When abortion is the smartest choice for all concerned
Dating Advice Question
I have gotten myself into the worst situation of all time. I am 34 and was dating a 38 year old guy that I knew was involved with someone else. We dated for about 18 months. About five months ago, he got married and the week after he was married I started to see him more and ended up getting pregnant less than a month after he got married.
He explained to me that he wanted me to have an abortion, and that in the future we would have to be more careful. Abortion was out of the question for me, and I went on with the pregnancy. His wife found out I was pregnant and she called me and talked very ugly to me. From the time I told him I was pregnant we have not spoken, and when we did it was about him talking with others about me being pregnant in a nasty way (which he denies doing).
Five weeks ago the stress of all this made me lose the baby. It has been hard on me because of how I was treated, and I feel like he and his wife got what they wanted. At the present moment he and no one else knows that I am no longer pregnant because I have been going through a very bad depression to where I have locked myself in the house asking myself why.
I need someone to help me understand and advice on how to move on. How could he have been so cruel to me? And the loss of my baby is something I can’t seem to get over at all.
Signed,
Need Help
Abortion Would Have Been the Smartest Choice
Now I do feel sad that you lost your baby and are in mourning — that’s not an easy path to walk. But I can only feel sorry for you a LITTLE BIT.
You are not a child, you are a grown woman in your mid-30s! You knew full well that this man was messing with someone else, and you also knew that he had gotten married to that woman. So what did you think he was going to do when you didn’t follow the rules of the side chick game, and neglected to use proper protection?
Yeah, he is a lying corner cutting stank dog for cheating on his girlfriend/wife, but you are not the innocent victim here either. Come on now! What you both did was straight trifling and both of you need your asses kicked. And in my mind, the wife had every right to call you and tell you just HOW trifling you were, so don’t whine to me about that either.

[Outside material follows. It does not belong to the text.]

(* Suppose that $\mathcal G$ is a space group and $\mathcal R\subset\mathcal G$ has Property 2. Then $\ker(\|\cdot\|_{\mathcal R})=U_{\mathrm{trans}}$.
   Context: Euclidean group: $\mathrm E(n)$ consists of pairs $(A|b)$, $A\in\mathrm O(n)$, $b\in\mathbb R^n$, acting by $(A|b)\cdot x=Ax+b$, product $(A_1|b_1)(A_2|b_2)=(A_1A_2|b_1+A_1b_2)$; $\mathrm{rot}(A|b)=A$. A space group in $\mathrm E(n)$ is a discrete subgroup (all orbits discrete) containing $n$ translations $(I|b)$ with linearly independent $b$'s. Standing setting: $d=d_1+d_2$; $\mathcal S<\mathrm E(d_2)$ is a space group with translation subgroup $\mathcal T_{\mathcal S}$; $A\oplus(B|b)=(\mathrm{diag}(A,B)|(0,b))$; $\mathcal G$ is a discrete subgroup of $\mathrm E(d)$ contained in $\{A\oplus s:A\in\mathrm O(d_1),s\in\mathcal S\}$ projecting onto $\mathcal S$; $\mathcal T\subset\mathcal G$ maps bijectively onto $\mathcal T_{\mathcal S}$. There is $m_0\in\mathbb N$ such that $\mathcal T^N=\{t^N:t\in\mathcal T\}$ is a normal subgroup iff $N\in\mathcal M=m_0\mathbb N$, then isomorphic to $\mathbb Z^{d_2}$ of finite index; $\mathcal C_N$ is a fixed set of representatives of $\mathcal G/\mathcal T^N$. $U_{\mathrm{per}}$: maps $u:\mathcal G\to\mathbb R^d$ that are $\mathcal T^N$-periodic for some $N\in\mathcal M$. $x_0\in\mathbb R^d$ with $g\mapsto g\cdot x_0$ injective; $d_{\mathrm{aff}}=\dim\mathrm{aff}(\mathcal G\cdot x_0)$; assumed $\mathcal G\cdot x_0\subset\{0_{d-d_{\mathrm{aff}}}\}\times\mathbb R^{d_{\mathrm{aff}}}$ and $\mathcal G$ acts trivially on $\mathbb R^{d-d_{\mathrm{aff}}}\times\{0\}$. $U_{\mathrm{iso}}(\mathcal R)$: maps $v:\mathcal R\to\mathbb R^d$ with $a\in\mathbb R^d$, $S\in\mathrm{Skew}(d)$ such that $\mathrm{rot}(g)v(g)=a+S(g\cdot x_0-x_0)$ on $\mathcal R$. For finite $\mathcal R$ and $\mathcal T^N$-periodic $u$: $\|u\|_{\mathcal R}=\big(\frac1{|\mathcal C_N|}\sum_{g\in\mathcal C_N}\mathrm{dist}(u(g\,\cdot)|_{\mathcal R},U_{\mathrm{iso}}(\mathcal R))^2\big)^{1/2}$. $U_{\mathrm{trans}}$ is the set of maps $u:\mathcal G\to\mathbb R^d$ such that there is $a\in\mathbb R^d$ with $\mathrm{rot}(g)u(g)=a$ for all $g\in\mathcal G$. Property 1: $\mathcal R$ finite, $\mathrm{id}\in\mathcal R$, $\mathrm{aff}(\mathcal R\cdot x_0)=\mathrm{aff}(\mathcal G\cdot x_0)$. Property 2: $\mathcal R$ finite, and there are $\mathcal R',\mathcal R''$ with $\mathrm{id}\in\mathcal R'$, $\mathcal R'$ generating $\mathcal G$, $\mathcal R''$ with Property 1, and $\{gh:g\in\mathcal R',h\in\mathcal R''\}\subset\mathcal R$. *)

theory Defs
  imports "HOL-Analysis.Analysis"
begin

I suggest that you accept your role in this sordid little drama and take responsibility for yourself and your choices as an adult female should. After all:
- YOU decided to date a man you know was dating another woman
- YOU decided to sleep with a man you know was dating another woman
- YOU decided to sleep with a man you know had a wife
- YOU decided not to use proper birth control while sleeping with another woman’s husband
- YOU decided you were not going to get an abortion and keep the child created by another woman’s husband instead
Look at all the things you did to create the pain you are now in! Look at the series of poor choices you made. Then ask yourself why you are doing trifling things when you are fully aware that they are wrong, and that no good can come from said trifling choices.
Until a woman can make intelligent decisions about the path she takes in life, she really should not seek to be a mother and have even MORE responsibility put on her to make good choices. A mother’s job is to THINK and do all she can to protect her innocent child who didn’t ask to be here. You have proven that you are not ready to be anybody’s mother, and The Universe was wise to remove that option from your life for the time being. You ain’t ready.
Seek counseling to improve your self-esteem and do all you can to encourage yourself to make wiser decisions in the future.